Aux termes d’un arrêt rendu par la Cour d’appel de [Localité 12] le 21 février 2005, le bail a été renouvelé pour une durée de neuf années entières et consécutives à compter du 1er juillet 2001.
Puis, suivant demande de renouvellement signifiée le 27 septembre 2011, ledit bail a une nouvelle fois été renouvelé pour une durée de neuf années entières et consécutives à compter du 1er octobre 2011, pour expirer contractuellement à compter du 30 septembre 2020, se poursuivant dès lors par tacite prolongation.
Par un arrêt du 30 janvier 2019, la Cour d’appel de [Localité 12] a fixé le montant du loyer du bail renouvelé à effet du 1er octobre 2011 au plafond indiciaire de 76 355,59 € HT annuels, considérant qu’il n’y a avait pas lieu à déplafonnement du loyer.
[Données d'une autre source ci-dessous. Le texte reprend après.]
text \<open>Game positions: the list of completed rounds (x_t, v_t).
  A strategy of Player I maps a position to his next move x_t;
  a strategy of Player II maps a position and I's current move x_t to v_t.\<close>
type_synonym ('a) stratI = "('a \<times> real) list \<Rightarrow> 'a"
type_synonym ('a) stratII = "('a \<times> real) list \<Rightarrow> 'a \<Rightarrow> real"

definition legal_stratI :: "'a list set \<Rightarrow> 'a stratI \<Rightarrow> bool" where
  "legal_stratI T \<sigma> \<longleftrightarrow> (\<forall>h. map fst h \<in> T \<longrightarrow> map fst h @ [\<sigma> h] \<in> T)"

primrec play_hist :: "'a stratI \<Rightarrow> 'a stratII \<Rightarrow> nat \<Rightarrow> ('a \<times> real) list" where
  "play_hist \<sigma> \<tau> 0 = []"
| "play_hist \<sigma> \<tau> (Suc n) =
     play_hist \<sigma> \<tau> n @ [(\<sigma> (play_hist \<sigma> \<tau> n), \<tau> (play_hist \<sigma> \<tau> n) (\<sigma> (play_hist \<sigma> \<tau> n)))]"

definition play_x :: "'a stratI \<Rightarrow> 'a stratII \<Rightarrow> nat \<Rightarrow> 'a" where
  "play_x \<sigma> \<tau> t = fst (play_hist \<sigma> \<tau> (Suc t) ! t)"

definition play_v :: "'a stratI \<Rightarrow> 'a stratII \<Rightarrow> nat \<Rightarrow> real" where
  "play_v \<sigma> \<tau> t = snd (play_hist \<sigma> \<tau> (Suc t) ! t)"

definition II_wins_run :: "((nat \<Rightarrow> 'a) \<Rightarrow> real) \<Rightarrow> 'a stratI \<Rightarrow> 'a stratII \<Rightarrow> bool" where
  "II_wins_run f \<sigma> \<tau> \<longleftrightarrow>
     ereal (f (play_x \<sigma> \<tau>)) = limsup (\<lambda>t. ereal (play_v \<sigma> \<tau> t))"

definition winning_I :: "'a list set \<Rightarrow> ((nat \<Rightarrow> 'a) \<Rightarrow> real) \<Rightarrow> 'a stratI \<Rightarrow> bool" where
  "winning_I T f \<sigma> \<longleftrightarrow> legal_stratI T \<sigma> \<and> (\<forall>\<tau>. \<not> II_wins_run f \<sigma> \<tau>)"

definition winning_II :: "'a list set \<Rightarrow> ((nat \<Rightarrow> 'a) \<Rightarrow> real) \<Rightarrow> 'a stratII \<Rightarrow> bool" where
  "winning_II T f \<tau> \<longleftrightarrow> (\<forall>\<sigma>. legal_stratI T \<sigma> \<longrightarrow> II_wins_run f \<sigma> \<tau>)"

definition game_determined :: "'a list set \<Rightarrow> ((nat \<Rightarrow> 'a) \<Rightarrow> real) \<Rightarrow> bool" where
  "game_determined T f \<longleftrightarrow> (\<exists>\<sigma>. winning_I T f \<sigma>) \<or> (\<exists>\<tau>. winning_II T f \<tau>)"

end

(* Fix rationals p < q. The set {f < p} is analytic, the image g[N^N] of Baire space under a
   continuous g. Either it can be separated from {f \<ge> q} by a G_delta set, or Player I wins:
   he follows a branch of {f \<ge> q} together with a finite code s such that g[N_s] near the
   current position cannot be separated from {f \<ge> q}; whenever Player II claims a value
   above (p + q) / 2 he lengthens s by one digit and moves to a new such branch. If this happens
   finitely often, the run is a branch of {f \<ge> q}; otherwise the codes converge to some y and
   the run is g y, so its value is below p. If Player I has no winning strategy, all these
   separations exist, so every superlevel set {f \<ge> r} is G_delta, and Player II wins by
   claiming at each move the largest rational whose G_delta approximations the run has just
   entered once more. *)

theory Submission
  imports Defs
begin

definition prefix :: "(nat \<Rightarrow> 'b) \<Rightarrow> nat \<Rightarrow> 'b list" where
  "prefix x n = map x [0..<n]"

definition extending :: "'b list \<Rightarrow> (nat \<Rightarrow> 'b) set" where
  "extending s = {x. prefix x (length s) = s}"

definition cylinders :: "'b list set \<Rightarrow> (nat \<Rightarrow> 'b) set" where
  "cylinders W = {x. \<exists>n. prefix x n \<in> W}"

lemma length_prefix [simp]: "length (prefix x n) = n"
  by (simp add: prefix_def)

lemma prefix_0 [simp]: "prefix x 0 = []"
  by (simp add: prefix_def)

lemma prefix_Suc: "prefix x (Suc n) = prefix x n @ [x n]"
  by (simp add: prefix_def)

lemma take_prefix [simp]: "take k (prefix x n) = prefix x (min k n)"
  by (simp add: prefix_def take_map min_def)

lemma nth_prefix [simp]: "i < n \<Longrightarrow> prefix x n ! i = x i"
  by (simp add: prefix_def)

lemma prefix_eq_iff: "prefix x n = prefix y n \<longleftrightarrow> (\<forall>i<n. x i = y i)"
  by (auto simp: prefix_def)

lemma prefix_eq_le: "prefix x n = prefix y n \<Longrightarrow> k \<le> n \<Longrightarrow> prefix x k = prefix y k"
  by (auto simp: prefix_eq_iff)

lemma eq_if_prefixes_eq: "(\<And>n. n \<ge> N \<Longrightarrow> prefix x n = prefix y n) \<Longrightarrow> x = y"
proof
  fix i assume "\<And>n. n \<ge> N \<Longrightarrow> prefix x n = prefix y n"
  then have "prefix x (max N (Suc i)) = prefix y (max N (Suc i))" by simp
  then show "x i = y i" by (auto simp: prefix_eq_iff)
qed

lemma extending_snoc_subset: "extending (s @ [k]) \<subseteq> extending s"
  unfolding extending_def by (auto simp: prefix_Suc)

lemma extending_eq_UN_snoc: "extending s = (\<Union>k. extending (s @ [k]))"
proof
  show "extending s \<subseteq> (\<Union>k. extending (s @ [k]))"
  proof
    fix x assume "x \<in> extending s"
    then have "x \<in> extending (s @ [x (length s)])" by (simp add: extending_def prefix_Suc)
    then show "x \<in> (\<Union>k. extending (s @ [k]))" by blast
  qed
qed (use extending_snoc_subset in fast)

lemma prefix_chain_limit:
  fixes sn :: "nat \<Rightarrow> 'b list"
  assumes chain: "\<And>t. take (length (sn t)) (sn (Suc t)) = sn t"
    and unbounded: "\<And>M. \<exists>t. M \<le> length (sn t)"
  obtains y where "\<And>t. prefix y (length (sn t)) = sn t"
proof
  have mono: "take (length (sn t)) (sn t') = sn t" if "t \<le> t'" for t t'
    using that
  proof (induction rule: dec_induct)
    case (step t')
    then have "length (sn t) \<le> length (sn t')" by (metis length_take min.bounded_iff order_refl)
    then show ?case using step.IH chain[of t'] by (metis min.absorb1 take_take)
  qed simp
  define y where "y i = sn (LEAST t. i < length (sn t)) ! i" for i
  fix t show "prefix y (length (sn t)) = sn t"
  proof (rule nth_equalityI)
    fix i assume "i < length (prefix y (length (sn t)))"
    then have i: "i < length (sn t)" by simp
    define t0 where "t0 = (LEAST t. i < length (sn t))"
    have "t0 \<le> t" "i < length (sn t0)"
      using i unfolding t0_def by (auto intro: Least_le LeastI)
    then have "sn t0 ! i = sn t ! i" using mono by (metis nth_take)
    then show "prefix y (length (sn t)) ! i = sn t ! i" using i by (simp add: y_def t0_def)
  qed simp
qed

lemma cylinders_Nil: "cylinders {[]} = UNIV"
  by (auto simp: cylinders_def intro: exI[of _ 0])

lemma cyl_iff: "x \<in> cyl T u \<longleftrightarrow> x \<in> branches T \<and> x \<in> extending u"
  by (simp add: cyl_def extending_def prefix_def)

lemma cyl_Nil: "cyl T [] = branches T"
  by (simp add: cyl_def)

lemma branches_iff: "x \<in> branches T \<longleftrightarrow> (\<forall>n. prefix x n \<in> T)"
  by (simp add: branches_def prefix_def)

lemma Nil_in_tree: "is_tree A T \<Longrightarrow> T \<noteq> {} \<Longrightarrow> [] \<in> T"
  unfolding is_tree_def by (metis all_not_in_conv take0)

lemma pruned_tree_snoc:
  assumes "is_tree A T" "pruned T" "s \<in> T"
  obtains a where "s @ [a] \<in> T"
proof -
  obtain u where u: "u \<in> T" "length s < length u" "take (length s) u = s"
    using assms by (auto simp: pruned_def)
  then have "take (Suc (length s)) u \<in> T" using assms(1) by (simp add: is_tree_def)
  moreover have "take (Suc (length s)) u = s @ [u ! length s]"
    using u by (simp add: take_Suc_conv_app_nth)
  ultimately show ?thesis using that by metis
qed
La S.C.I. CORALENZ est désormais venue aux droits de la société bailleresse initiale tandis que la S.A.S. [Adresse 10] est venue aux droits de la précédente société preneuse.
Par acte extrajudiciaire signifié le 29 mars 2022, la S.A.S. CARREFOUR PROXIMITE FRANCE a demandé le renouvellement du bail et par acte extrajudiciaire du 20 juin 2022 la S.C.I. CORALENZ a signifié à la S.A.S. [Adresse 10] son accord pour le renouvellement du bail à effet du 1er avril 2022 mais a refusé de fixer le loyer au montant annuel de 70 000 € HT proposé par le Preneur, proposant quant à elle de le fixer à la somme annuelle de 132 000 € HT.
Par mémoire préalable du 9 février 2024 notifié à la S.A.S. CARREFOUR PROXIMITE FRANCE, la S.C.I. CORALENZ a entendu voir fixer le loyer du bail renouvelé compter du 1er avril 2022 et suivant assignation du 1er juillet 2024, le Bailleur a attrait le Preneur devant le Juge des loyers commerciaux du tribunal judiciaire de Créteil, aux fins notamment de voir fixer la valeur locative des lieux à la somme annuelle de 132 000 € HT HC à compter de la date de renouvellement du bail.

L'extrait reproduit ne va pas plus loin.